# My daughter's teacher is due in February



## farmmama (Feb 6, 2004)

It's been a week since we lost our babe, and I have just resumed the school commute. I've found out dd's teacher is expecting a baby girl in February, and DH suspects another mom is expecting as well. It is difficult to process my feelings about encountering these women. How do I react to the puzzled glances towards my once protruding belly which I proudly showed off over the summer? It's just so strange. I have to man our booth at our local farmers' market this weekend--it's been two months since I was there last. Part of me is so dreading it. I personlly only told one other vendor that I was pregnant, but somehow a lot of people have heard of our loss. I'm dreading encountering people who knew/thought I was pregnant before, and I'm dreading encountering the people who know what we've been through. Yet, at the same time I feel like everyone I meet should be embracing me and showering me with support. These emotional conflicts are exhausting.
I went into a specialty paper store to find paper to make an envelope to put our ultrasound pictures and reminders of our babe, and was overwhelmed with sadness. It seems to puzzle DH that I am still crying several times a day. While I feel sad and cry often, I also feel incredibly joyful about life, and thankful for all I have learned over the past few weeks. I have realized I had spent nearly five years feeling sorry for myself in one way or another(I'm pregnant, over-worked, too attached to my baby, can't get pregnant, had a miscarriage, our employees are idiots, our family is too far away, pregnant, nursing/attached, pregnant, overworked, blah blah blah), and had forgotten to revel in the joy of having two lovely daughters, a supportive, loving partner, and everything else. I feel as if my heart has recently emerged after years of hiding in a dark closet. The love I feel for my family is so intense now, and I feel ashamed for these past years of self-pity. I am finding myself no longer fretting about what I haven't gotten done, but joyful about what I have accomplished. This has been a truly life altering experience. I will always mourn the loss of my baby, but I am thankful, everyday for having encountered such I wise spirit.
I call my baby Arrow because he pierced my heart.


----------



## nydiagonz (Jun 29, 2005)

Kimberly,

I am so deeply sorry for your loss. I am glad that you are able to find some light and even positive results from your painful experience. I also feel like my son taught me so many beautiful lessons and for that I am thankful.

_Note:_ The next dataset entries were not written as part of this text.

lemma walk_iff_relpowp:
  assumes "graph V E"
  shows "walk V E u v n \<longleftrightarrow> u \<in> V \<and> (E ^^ n) u v"
proof -
  have "(\<lambda>x y. x \<in> V \<and> y \<in> V \<and> E x y) = E" using assms unfolding graph_def by blast
  then show ?thesis unfolding walk_def list_path_iff_relpowp by simp
qed

lemma relpowp_symmetric: "symp P \<Longrightarrow> (P ^^ n) x y \<Longrightarrow> (P ^^ n) y x"
proof (induction n arbitrary: y)
  case (Suc n)
  from Suc.prems(2) obtain z where "(P ^^ n) x z" "P z y" by (rule relpowp_Suc_E)
  with Suc have "P y z" "(P ^^ n) z x" by (blast dest: sympD)+
  then show ?case by (rule relpowp_Suc_I2)
qed simp

lemma ex_boundary_step: "P (f 0) \<Longrightarrow> \<not> P (f n) \<Longrightarrow> \<exists>i<n. P (f i) \<and> \<not> P (f (Suc i))"
proof (induction n)
  case (Suc n)
  then show ?case by (cases "P (f n)") (auto intro: less_SucI)
qed simp

definition k_step :: "'a set \<Rightarrow> ('a \<Rightarrow> 'a \<Rightarrow> bool) \<Rightarrow> real \<Rightarrow> 'a set \<Rightarrow> 'a \<Rightarrow> 'a \<Rightarrow> bool" where
  "k_step V E k S x y \<longleftrightarrow> x \<in> S \<and> y \<in> S \<and> real (gdist V E x y) \<le> k"

definition k_component :: "'a set \<Rightarrow> ('a \<Rightarrow> 'a \<Rightarrow> bool) \<Rightarrow> real \<Rightarrow> 'a set \<Rightarrow> 'a \<Rightarrow> 'a set" where
  "k_component V E k S x = {y. (k_step V E k S)\<^sup>*\<^sup>* x y}"

lemma k_connected_iff_rtranclp:
  "k_connected V E k X \<longleftrightarrow> (\<forall>a\<in>X. \<forall>b\<in>X. (k_step V E k X)\<^sup>*\<^sup>* a b)"
proof -
  have nonempty: "p \<noteq> [] \<longleftrightarrow> (\<exists>n. length p = Suc n)" for p :: "'a list"
    by (cases p) auto
  have chain_length: "(\<exists>p. p \<noteq> [] \<and> hd p = a \<and> last p = b \<and> set p \<subseteq> X
           \<and> (\<forall>i < length p - 1. real (gdist V E (p ! i) (p ! Suc i)) \<le> k))
        \<longleftrightarrow> (\<exists>n p. length p = Suc n \<and> hd p = a \<and> last p = b \<and> set p \<subseteq> X
           \<and> (\<forall>i<n. real (gdist V E (p ! i) (p ! Suc i)) \<le> k))" for a b
    unfolding nonempty by (auto; blast)
  show ?thesis
    unfolding k_connected_def chain_length rtranclp_power k_step_def[abs_def]
      list_path_iff_relpowp[where R = "\<lambda>x y. real (gdist V E x y) \<le> k"] by blast
qed

lemma k_connected_subset_k_component:
  assumes "k_connected V E k C" "C \<subseteq> S" "x \<in> C"
  shows "C \<subseteq> k_component V E k S x"
proof
  fix y assume "y \<in> C"
  then have "(k_step V E k C)\<^sup>*\<^sup>* x y" using assms(1,3) unfolding k_connected_iff_rtranclp by blast
  moreover have "k_step V E k C \<le> k_step V E k S" using assms(2) unfolding k_step_def by auto
  ultimately show "y \<in> k_component V E k S x" unfolding k_component_def by (auto dest: rtranclp_mono)
qed

lemma k_component_subset: "x \<in> S \<Longrightarrow> k_component V E k S x \<subseteq> S"
  unfolding k_component_def by (auto elim: rtranclp.cases simp: k_step_def)

locale connected_simple_graph =
  fixes V :: "'a set" and E :: "'a \<Rightarrow> 'a \<Rightarrow> bool"
  assumes graph: "graph V E" and connected: "connected_graph V E"
begin

lemma relpowp_gdist: "u \<in> V \<Longrightarrow> v \<in> V \<Longrightarrow> (E ^^ gdist V E u v) u v"
  using connected LeastI_ex[of "walk V E u v"]
  unfolding connected_graph_def gdist_def walk_iff_relpowp[OF graph] by blast

lemma gdist_le: "u \<in> V \<Longrightarrow> (E ^^ n) u v \<Longrightarrow> gdist V E u v \<le> n"
  unfolding gdist_def by (rule Least_le) (simp add: walk_iff_relpowp[OF graph])

lemma gdist_commute:
  assumes "u \<in> V" "v \<in> V"
  shows "gdist V E u v = gdist V E v u"
proof -
  have "symp E" using graph unfolding graph_def by (blast intro: sympI)
  then show ?thesis using assms by (metis antisym gdist_le relpowp_gdist relpowp_symmetric)
qed

lemma gdist_triangle:
  "u \<in> V \<Longrightarrow> v \<in> V \<Longrightarrow> w \<in> V \<Longrightarrow> gdist V E u w \<le> gdist V E u v + gdist V E v w"
  by (meson gdist_le relpowp_gdist relpowp_trans)

lemma abs_gdist_diff_le:
  "u \<in> V \<Longrightarrow> v \<in> V \<Longrightarrow> w \<in> V \<Longrightarrow> \<bar>real (gdist V E u w) - real (gdist V E v w)\<bar> \<le> real (gdist V E u v)"
  using gdist_triangle[of u v w] gdist_triangle[of v u w] gdist_commute[of u v] by linarith

lemma path_in_V:
  assumes "\<forall>i<n. E (f i) (f (Suc i))" "f 0 \<in> V" "i \<le> n"
  shows "f i \<in> V"
proof (cases i)
  case (Suc i')
  then show ?thesis using graph assms(1,3) unfolding graph_def by (metis Suc_le_lessD)
qed (use assms(2) in simp)

lemma gdist_along_path:
  assumes path: "\<forall>i<n. E (f i) (f (Suc i))" and "f 0 \<in> V" "i \<le> j" "j \<le> n"
  shows "gdist V E (f i) (f j) \<le> j - i"
proof (rule gdist_le)
  show "f i \<in> V" using path_in_V assms by simp
  show "(E ^^ (j - i)) (f i) (f j)"
    unfolding relpowp_fun_conv using assms(3,4) path
    by (intro exI[of _ "\<lambda>t. f (i + t)"]) auto
qed

lemma symp_k_step: "S \<subseteq> V \<Longrightarrow> symp (k_step V E k S)"
  unfolding k_step_def by (auto intro!: sympI simp: gdist_commute subset_iff)

lemma k_connected_k_component:
  assumes "S \<subseteq> V"
  shows "k_connected V E k (k_component V E k S x)" (is "k_connected V E k ?C")
proof -
  have reach: "(k_step V E k ?C)\<^sup>*\<^sup>* a b" if "a \<in> ?C" "(k_step V E k S)\<^sup>*\<^sup>* a b" for a b
    using that(2,1)
  proof (induction rule: rtranclp_induct)
    case (step y z)
    then have "y \<in> ?C" "z \<in> ?C"
      unfolding k_component_def by (auto intro: rtranclp_trans)
    with step show ?case unfolding k_step_def by (auto intro: rtranclp.rtrancl_into_rtrancl)
  qed simp
  have "(k_step V E k S)\<^sup>*\<^sup>* a b" if "a \<in> ?C" "b \<in> ?C" for a b
  proof -
    have "(k_step V E k S)\<^sup>*\<^sup>* a x"
      using that(1) symp_rtranclp[OF symp_k_step[OF assms(1)]] unfolding k_component_def
      by (blast dest: sympD)
    with that(2) show ?thesis unfolding k_component_def by auto
  qed
  with reach show ?thesis unfolding k_connected_iff_rtranclp by blast
qed

end

locale skeleton = connected_simple_graph +
  fixes x0 :: 'a and lam k :: real
  assumes root: "x0 \<in> V" and scale_pos: "lam > 0"
begin

definition layer_of :: "'a \<Rightarrow> int" where
  "layer_of v = \<lceil>real (gdist V E v x0) / lam\<rceil> - 1"

definition block_of :: "'a \<Rightarrow> 'a set" where
  "block_of v = k_component V E k (layer V E x0 lam (layer_of v)) v"

lemma mem_layer_iff: "v \<in> layer V E x0 lam N \<longleftrightarrow> v \<in> V \<and> layer_of v = N"
  using scale_pos unfolding layer_def layer_of_def
  by (auto simp: ceiling_eq_iff pos_less_divide_eq pos_divide_le_eq algebra_simps)

lemma layer_subset: "layer V E x0 lam N \<subseteq> V"
  unfolding layer_def by auto

lemma layer_of_close:
  assumes "u \<in> V" "v \<in> V" "real (gdist V E u v) \<le> lam"
  shows "\<bar>layer_of u - layer_of v\<bar> \<le> 1"
proof -
  let ?r = "\<lambda>w. real (gdist V E w x0) / lam"
  have "\<bar>real (gdist V E u x0) - real (gdist V E v x0)\<bar> \<le> lam"
    using abs_gdist_diff_le[OF assms(1,2) root] assms(3) by linarith
  then have "?r u \<le> ?r v + 1" "?r v \<le> ?r u + 1"
    using scale_pos by (auto simp: field_simps abs_le_iff)
  then have "\<lceil>?r u\<rceil> \<le> \<lceil>?r v\<rceil> + 1" "\<lceil>?r v\<rceil> \<le> \<lceil>?r u\<rceil> + 1"
    by (metis ceiling_add_one ceiling_mono)+
  then show ?thesis unfolding layer_of_def by linarith
qed

lemma block_subset: "is_block V E x0 lam k B \<Longrightarrow> B \<subseteq> V"
  unfolding is_block_def by (meson layer_subset order_trans)

lemma mem_block_of: "v \<in> block_of v"
  unfolding block_of_def k_component_def by simp

lemma block_eq_block_of:
  assumes "is_block V E x0 lam k B" "v \<in> B"
  shows "B = block_of v"
proof -
  obtain N where N: "B \<subseteq> layer V E x0 lam N" "k_connected V E k B"
    and maximal: "\<forall>C. B \<subseteq> C \<and> C \<subseteq> layer V E x0 lam N \<and> k_connected V E k C \<longrightarrow> C = B"
    using assms(1) unfolding is_block_def by auto
  have "layer_of v = N" using N(1) assms(2) mem_layer_iff by blast
  then have "block_of v = k_component V E k (layer V E x0 lam N) v" unfolding block_of_def by simp
  moreover have "B \<subseteq> k_component V E k (layer V E x0 lam N) v"
    using k_connected_subset_k_component[OF N(2,1) assms(2)] .
  moreover have "k_component V E k (layer V E x0 lam N) v \<subseteq> layer V E x0 lam N"
    using N(1) assms(2) by (intro k_component_subset) blast
  moreover have "k_connected V E k (k_component V E k (layer V E x0 lam N) v)"
    by (rule k_connected_k_component[OF layer_subset])
  ultimately show ?thesis using maximal by auto
qed

lemma is_block_block_of:
  assumes "v \<in> V"
  shows "is_block V E x0 lam k (block_of v)"
proof -
  let ?L = "layer V E x0 lam (layer_of v)"
  have "v \<in> ?L" using assms by (simp add: mem_layer_iff)
  then have "block_of v \<subseteq> ?L" unfolding block_of_def by (rule k_component_subset)
  moreover have "k_connected V E k (block_of v)"
    unfolding block_of_def by (rule k_connected_k_component[OF layer_subset])
  moreover have "\<forall>C. block_of v \<subseteq> C \<and> C \<subseteq> ?L \<and> k_connected V E k C \<longrightarrow> C = block_of v"
  proof (intro allI impI, elim conjE)
    fix C assume C: "block_of v \<subseteq> C" "C \<subseteq> ?L" "k_connected V E k C"
    have "C \<subseteq> block_of v"
      unfolding block_of_def
      using k_connected_subset_k_component[OF C(3,2) subsetD[OF C(1) mem_block_of]] .
    with C(1) show "C = block_of v" by blast
  qed
  moreover have "block_of v \<noteq> {}" using mem_block_of by blast
  ultimately show ?thesis unfolding is_block_def by blast
qed

lemma skel_map_eq_block_of:
  assumes "v \<in> V"
  shows "skel_map V E x0 lam k v = block_of v"
  unfolding skel_map_def
proof (rule the_equality)
  show "is_block V E x0 lam k (block_of v) \<and> v \<in> block_of v"
    using is_block_block_of[OF assms] mem_block_of by blast
  show "B = block_of v" if "is_block V E x0 lam k B \<and> v \<in> B" for B
    using that block_eq_block_of by blast
qed

lemma skel_map_preimage:
  assumes "is_block V E x0 lam k X"
  shows "{v \<in> V. skel_map V E x0 lam k v = X} = X"
proof -
  have "skel_map V E x0 lam k v = X \<longleftrightarrow> v \<in> X" if "v \<in> V" for v
    unfolding skel_map_eq_block_of[OF that] using block_eq_block_of[OF assms] mem_block_of by metis
  then show ?thesis using block_subset[OF assms] by blast
qed

lemma block_absorbs:
  assumes "is_block V E x0 lam k X" "a \<in> X" "w \<in> V" "layer_of w = layer_of a"
    and "real (gdist V E a w) \<le> k"
  shows "w \<in> X"
proof -
  have "a \<in> V" using assms(1,2) block_subset by blast
  then have "k_step V E k (layer V E x0 lam (layer_of a)) a w"
    using assms(3-5) unfolding k_step_def by (simp add: mem_layer_iff)
  then have "w \<in> block_of a" unfolding block_of_def k_component_def by simp
  then show ?thesis using block_eq_block_of[OF assms(1,2)] by simp
qed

I really feel you on the whole "facing people" issue. It is so, so scary to get out there and face people who I thought would be judging me and saying something either insensitive or inappropriate. Some people did, but it wasn't as bad as I thought. The one thing I can tell you is that people are generally *good* and *caring* and if they don't say the "right" thing, it is just because they don't know what that is.

It was so very unnerving at first, but fortunately, I got over the "hump". Now I find myself consoling people who are just finding out and just being all together *numb*. I guess that kinda sucks, but at least I am not breaking down in public anymore.

Good luck mama. Take care of yourself and your beautiful family


----------